[Dataset entries]
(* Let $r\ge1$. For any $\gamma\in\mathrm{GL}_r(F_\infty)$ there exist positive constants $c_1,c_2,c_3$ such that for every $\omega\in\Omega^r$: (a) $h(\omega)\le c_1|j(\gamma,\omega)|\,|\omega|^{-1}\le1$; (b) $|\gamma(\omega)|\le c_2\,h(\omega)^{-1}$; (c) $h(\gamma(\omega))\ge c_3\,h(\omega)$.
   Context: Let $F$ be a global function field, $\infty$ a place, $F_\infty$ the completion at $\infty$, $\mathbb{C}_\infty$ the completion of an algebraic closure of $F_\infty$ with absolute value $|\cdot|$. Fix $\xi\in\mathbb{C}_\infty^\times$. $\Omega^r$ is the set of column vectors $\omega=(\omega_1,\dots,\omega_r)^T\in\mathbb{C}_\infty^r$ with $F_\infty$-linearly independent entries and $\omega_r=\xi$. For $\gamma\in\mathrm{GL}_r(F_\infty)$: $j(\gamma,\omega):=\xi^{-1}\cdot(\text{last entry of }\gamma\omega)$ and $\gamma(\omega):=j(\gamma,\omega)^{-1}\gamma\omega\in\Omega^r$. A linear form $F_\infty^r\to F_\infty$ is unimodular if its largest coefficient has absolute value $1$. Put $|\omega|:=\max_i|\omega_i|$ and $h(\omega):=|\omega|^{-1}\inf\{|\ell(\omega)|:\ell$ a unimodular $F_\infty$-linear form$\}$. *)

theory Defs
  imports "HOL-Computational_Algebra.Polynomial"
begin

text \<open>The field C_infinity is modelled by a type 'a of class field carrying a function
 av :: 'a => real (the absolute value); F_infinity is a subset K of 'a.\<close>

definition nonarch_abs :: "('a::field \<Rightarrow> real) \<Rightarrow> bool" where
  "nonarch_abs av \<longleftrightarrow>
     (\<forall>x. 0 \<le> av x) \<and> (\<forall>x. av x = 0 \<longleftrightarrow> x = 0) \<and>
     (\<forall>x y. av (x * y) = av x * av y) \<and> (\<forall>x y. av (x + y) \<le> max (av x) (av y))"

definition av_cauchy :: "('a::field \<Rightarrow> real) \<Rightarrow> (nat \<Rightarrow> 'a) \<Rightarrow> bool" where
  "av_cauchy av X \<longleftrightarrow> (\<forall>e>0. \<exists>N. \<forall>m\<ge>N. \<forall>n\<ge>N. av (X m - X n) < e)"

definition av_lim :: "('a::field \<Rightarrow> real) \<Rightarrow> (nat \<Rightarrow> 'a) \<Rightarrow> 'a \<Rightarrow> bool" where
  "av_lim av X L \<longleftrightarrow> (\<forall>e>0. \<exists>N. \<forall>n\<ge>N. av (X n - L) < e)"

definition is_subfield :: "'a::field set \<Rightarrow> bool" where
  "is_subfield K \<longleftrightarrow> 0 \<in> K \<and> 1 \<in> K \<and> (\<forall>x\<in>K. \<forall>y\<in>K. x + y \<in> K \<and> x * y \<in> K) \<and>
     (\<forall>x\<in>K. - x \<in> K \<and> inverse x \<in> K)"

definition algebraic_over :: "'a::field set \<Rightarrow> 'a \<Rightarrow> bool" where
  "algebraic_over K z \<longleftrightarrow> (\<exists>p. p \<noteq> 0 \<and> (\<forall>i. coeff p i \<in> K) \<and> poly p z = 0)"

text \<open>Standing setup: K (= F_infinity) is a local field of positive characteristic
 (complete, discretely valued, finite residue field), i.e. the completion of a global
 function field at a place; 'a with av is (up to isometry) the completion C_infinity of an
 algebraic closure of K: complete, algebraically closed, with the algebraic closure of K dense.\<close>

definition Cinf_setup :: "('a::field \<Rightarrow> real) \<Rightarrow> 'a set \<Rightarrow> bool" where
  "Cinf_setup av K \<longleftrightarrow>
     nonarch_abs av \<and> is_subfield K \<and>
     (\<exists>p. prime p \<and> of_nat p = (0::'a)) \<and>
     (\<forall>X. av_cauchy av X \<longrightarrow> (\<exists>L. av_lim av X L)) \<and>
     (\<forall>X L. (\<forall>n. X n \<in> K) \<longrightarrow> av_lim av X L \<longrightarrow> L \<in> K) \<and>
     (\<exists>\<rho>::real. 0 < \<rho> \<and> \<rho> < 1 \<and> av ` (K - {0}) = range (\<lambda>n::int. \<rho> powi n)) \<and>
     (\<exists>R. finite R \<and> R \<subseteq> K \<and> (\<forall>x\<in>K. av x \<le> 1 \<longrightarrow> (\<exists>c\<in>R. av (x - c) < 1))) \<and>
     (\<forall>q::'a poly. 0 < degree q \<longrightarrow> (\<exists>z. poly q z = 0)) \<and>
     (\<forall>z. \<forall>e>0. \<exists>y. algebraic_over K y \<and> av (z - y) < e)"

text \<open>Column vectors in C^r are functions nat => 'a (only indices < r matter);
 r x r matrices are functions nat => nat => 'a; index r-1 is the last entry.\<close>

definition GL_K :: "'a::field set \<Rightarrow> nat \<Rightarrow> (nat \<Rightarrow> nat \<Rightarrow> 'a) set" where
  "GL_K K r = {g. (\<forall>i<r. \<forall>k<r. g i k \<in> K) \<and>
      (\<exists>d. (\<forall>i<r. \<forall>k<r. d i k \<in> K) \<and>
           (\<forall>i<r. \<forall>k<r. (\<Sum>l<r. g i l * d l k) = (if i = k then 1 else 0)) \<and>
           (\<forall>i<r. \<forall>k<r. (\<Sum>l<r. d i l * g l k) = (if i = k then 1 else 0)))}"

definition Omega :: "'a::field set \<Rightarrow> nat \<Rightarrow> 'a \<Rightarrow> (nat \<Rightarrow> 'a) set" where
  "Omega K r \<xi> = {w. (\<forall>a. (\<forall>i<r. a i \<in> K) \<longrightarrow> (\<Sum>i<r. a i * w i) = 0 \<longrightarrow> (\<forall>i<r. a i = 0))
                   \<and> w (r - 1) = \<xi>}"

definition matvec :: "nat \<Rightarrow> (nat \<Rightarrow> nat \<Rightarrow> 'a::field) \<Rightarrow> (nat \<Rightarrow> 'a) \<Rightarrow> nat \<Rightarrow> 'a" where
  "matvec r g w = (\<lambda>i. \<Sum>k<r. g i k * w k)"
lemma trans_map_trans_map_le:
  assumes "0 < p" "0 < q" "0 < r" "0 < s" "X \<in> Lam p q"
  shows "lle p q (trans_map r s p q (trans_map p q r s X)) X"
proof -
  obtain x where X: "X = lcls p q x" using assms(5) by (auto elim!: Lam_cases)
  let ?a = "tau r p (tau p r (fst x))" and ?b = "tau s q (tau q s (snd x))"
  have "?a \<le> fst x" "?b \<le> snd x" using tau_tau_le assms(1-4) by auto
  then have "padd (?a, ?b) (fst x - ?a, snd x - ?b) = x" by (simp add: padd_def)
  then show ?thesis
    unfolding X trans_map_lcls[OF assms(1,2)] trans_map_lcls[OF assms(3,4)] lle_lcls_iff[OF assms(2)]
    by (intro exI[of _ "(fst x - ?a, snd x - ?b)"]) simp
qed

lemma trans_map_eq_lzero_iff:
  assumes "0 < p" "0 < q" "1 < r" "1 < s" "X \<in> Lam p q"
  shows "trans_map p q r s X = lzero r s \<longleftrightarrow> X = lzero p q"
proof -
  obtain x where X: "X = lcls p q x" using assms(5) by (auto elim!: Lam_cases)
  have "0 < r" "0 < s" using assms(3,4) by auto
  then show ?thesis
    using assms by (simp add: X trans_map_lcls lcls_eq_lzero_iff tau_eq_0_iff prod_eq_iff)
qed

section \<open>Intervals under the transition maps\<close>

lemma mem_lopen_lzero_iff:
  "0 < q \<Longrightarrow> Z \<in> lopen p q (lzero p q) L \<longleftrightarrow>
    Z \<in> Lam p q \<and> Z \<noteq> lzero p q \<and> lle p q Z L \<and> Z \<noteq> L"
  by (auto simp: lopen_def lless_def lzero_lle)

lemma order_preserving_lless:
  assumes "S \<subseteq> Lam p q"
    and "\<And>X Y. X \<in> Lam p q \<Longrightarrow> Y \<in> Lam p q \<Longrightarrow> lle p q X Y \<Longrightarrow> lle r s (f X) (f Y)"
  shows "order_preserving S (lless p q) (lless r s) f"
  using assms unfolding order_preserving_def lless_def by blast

* * *

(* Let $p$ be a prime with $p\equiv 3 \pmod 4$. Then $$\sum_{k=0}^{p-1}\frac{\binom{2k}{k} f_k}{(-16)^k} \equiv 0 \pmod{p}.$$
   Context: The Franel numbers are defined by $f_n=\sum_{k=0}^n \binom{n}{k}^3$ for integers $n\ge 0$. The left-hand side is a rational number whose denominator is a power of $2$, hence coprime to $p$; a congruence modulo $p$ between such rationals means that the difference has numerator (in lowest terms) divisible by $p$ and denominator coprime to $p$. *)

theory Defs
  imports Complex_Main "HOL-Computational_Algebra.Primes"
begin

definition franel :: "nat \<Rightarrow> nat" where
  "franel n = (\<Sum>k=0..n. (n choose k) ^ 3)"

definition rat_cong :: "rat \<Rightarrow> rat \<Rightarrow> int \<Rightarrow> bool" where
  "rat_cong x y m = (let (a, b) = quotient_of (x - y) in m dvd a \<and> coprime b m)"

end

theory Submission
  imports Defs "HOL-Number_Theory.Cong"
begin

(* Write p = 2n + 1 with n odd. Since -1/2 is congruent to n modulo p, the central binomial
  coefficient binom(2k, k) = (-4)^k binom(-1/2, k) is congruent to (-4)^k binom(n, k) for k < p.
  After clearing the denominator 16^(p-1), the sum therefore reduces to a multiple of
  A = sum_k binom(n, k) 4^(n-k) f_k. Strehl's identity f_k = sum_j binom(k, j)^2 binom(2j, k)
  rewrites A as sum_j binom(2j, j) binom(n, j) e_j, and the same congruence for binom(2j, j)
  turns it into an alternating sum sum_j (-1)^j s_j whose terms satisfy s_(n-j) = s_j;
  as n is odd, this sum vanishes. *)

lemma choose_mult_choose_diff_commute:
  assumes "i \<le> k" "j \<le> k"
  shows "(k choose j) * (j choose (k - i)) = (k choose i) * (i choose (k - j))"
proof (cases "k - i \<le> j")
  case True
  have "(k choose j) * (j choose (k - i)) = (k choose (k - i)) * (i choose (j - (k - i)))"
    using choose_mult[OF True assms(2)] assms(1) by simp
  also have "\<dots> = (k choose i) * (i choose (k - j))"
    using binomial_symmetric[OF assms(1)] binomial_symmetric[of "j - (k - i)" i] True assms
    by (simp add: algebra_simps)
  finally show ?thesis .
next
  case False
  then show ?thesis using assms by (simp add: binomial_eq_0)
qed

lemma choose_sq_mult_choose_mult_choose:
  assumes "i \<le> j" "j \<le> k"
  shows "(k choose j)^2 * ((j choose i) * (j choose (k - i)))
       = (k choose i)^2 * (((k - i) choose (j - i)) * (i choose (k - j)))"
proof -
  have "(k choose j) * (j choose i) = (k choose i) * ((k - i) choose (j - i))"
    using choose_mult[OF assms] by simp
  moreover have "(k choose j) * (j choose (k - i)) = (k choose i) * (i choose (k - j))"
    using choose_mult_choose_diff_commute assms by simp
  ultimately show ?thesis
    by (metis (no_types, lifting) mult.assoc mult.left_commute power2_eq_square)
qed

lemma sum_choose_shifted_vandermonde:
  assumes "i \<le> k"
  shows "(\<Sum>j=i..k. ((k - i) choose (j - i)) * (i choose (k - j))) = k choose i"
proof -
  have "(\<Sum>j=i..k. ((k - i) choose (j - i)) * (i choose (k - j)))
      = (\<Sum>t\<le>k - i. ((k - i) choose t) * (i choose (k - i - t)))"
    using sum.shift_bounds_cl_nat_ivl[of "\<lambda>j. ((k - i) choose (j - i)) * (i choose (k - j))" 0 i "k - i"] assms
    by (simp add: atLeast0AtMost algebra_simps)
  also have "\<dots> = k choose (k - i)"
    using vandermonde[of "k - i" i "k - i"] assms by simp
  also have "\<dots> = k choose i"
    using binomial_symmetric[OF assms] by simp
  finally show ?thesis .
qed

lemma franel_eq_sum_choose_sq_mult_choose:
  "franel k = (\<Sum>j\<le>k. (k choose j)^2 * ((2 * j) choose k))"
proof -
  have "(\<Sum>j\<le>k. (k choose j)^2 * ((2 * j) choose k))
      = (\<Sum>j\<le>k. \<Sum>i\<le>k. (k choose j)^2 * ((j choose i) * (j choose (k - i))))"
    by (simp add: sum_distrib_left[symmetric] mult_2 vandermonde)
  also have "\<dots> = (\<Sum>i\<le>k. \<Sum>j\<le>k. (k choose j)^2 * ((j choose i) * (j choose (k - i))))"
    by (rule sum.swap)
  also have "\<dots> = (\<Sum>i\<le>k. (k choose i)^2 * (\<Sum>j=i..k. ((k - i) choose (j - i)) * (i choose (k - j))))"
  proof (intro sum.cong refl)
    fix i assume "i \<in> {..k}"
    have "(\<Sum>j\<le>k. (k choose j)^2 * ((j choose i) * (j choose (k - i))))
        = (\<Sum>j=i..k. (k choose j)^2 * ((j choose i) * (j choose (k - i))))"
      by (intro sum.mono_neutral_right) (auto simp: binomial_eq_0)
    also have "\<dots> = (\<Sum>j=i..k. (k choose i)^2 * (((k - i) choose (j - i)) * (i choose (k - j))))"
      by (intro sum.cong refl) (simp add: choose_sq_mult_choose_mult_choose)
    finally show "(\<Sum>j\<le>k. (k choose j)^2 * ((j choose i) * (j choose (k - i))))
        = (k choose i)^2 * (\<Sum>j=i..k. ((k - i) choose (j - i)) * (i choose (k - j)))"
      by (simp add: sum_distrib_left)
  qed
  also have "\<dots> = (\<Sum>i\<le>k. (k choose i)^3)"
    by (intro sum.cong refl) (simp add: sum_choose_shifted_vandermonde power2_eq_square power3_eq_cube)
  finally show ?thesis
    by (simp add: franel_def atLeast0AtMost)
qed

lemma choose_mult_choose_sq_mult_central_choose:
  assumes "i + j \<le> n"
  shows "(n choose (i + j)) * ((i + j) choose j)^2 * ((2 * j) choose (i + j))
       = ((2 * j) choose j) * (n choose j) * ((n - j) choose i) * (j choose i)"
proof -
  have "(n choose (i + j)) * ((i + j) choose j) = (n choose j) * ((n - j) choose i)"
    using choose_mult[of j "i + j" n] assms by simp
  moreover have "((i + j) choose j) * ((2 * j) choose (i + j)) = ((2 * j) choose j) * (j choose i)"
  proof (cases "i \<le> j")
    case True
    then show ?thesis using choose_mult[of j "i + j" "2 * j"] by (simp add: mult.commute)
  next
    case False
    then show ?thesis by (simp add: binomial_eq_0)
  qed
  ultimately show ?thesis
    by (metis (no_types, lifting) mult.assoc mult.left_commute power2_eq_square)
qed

§ YOUR OBJECTIVE
In the entries above, find the line with "by (simp add: sum_distrib_left)" and the line with "n] assms by simp", then set down exactly those two and every line between them, nothing else.

§ RESPONSE TO THIS TASK
      by (simp add: sum_distrib_left)
  qed
  also have "\<dots> = (\<Sum>i\<le>k. (k choose i)^3)"
    by (intro sum.cong refl) (simp add: sum_choose_shifted_vandermonde power2_eq_square power3_eq_cube)
  finally show ?thesis
    by (simp add: franel_def atLeast0AtMost)
qed

lemma choose_mult_choose_sq_mult_central_choose:
  assumes "i + j \<le> n"
  shows "(n choose (i + j)) * ((i + j) choose j)^2 * ((2 * j) choose (i + j))
       = ((2 * j) choose j) * (n choose j) * ((n - j) choose i) * (j choose i)"
proof -
  have "(n choose (i + j)) * ((i + j) choose j) = (n choose j) * ((n - j) choose i)"
    using choose_mult[of j "i + j" n] assms by simp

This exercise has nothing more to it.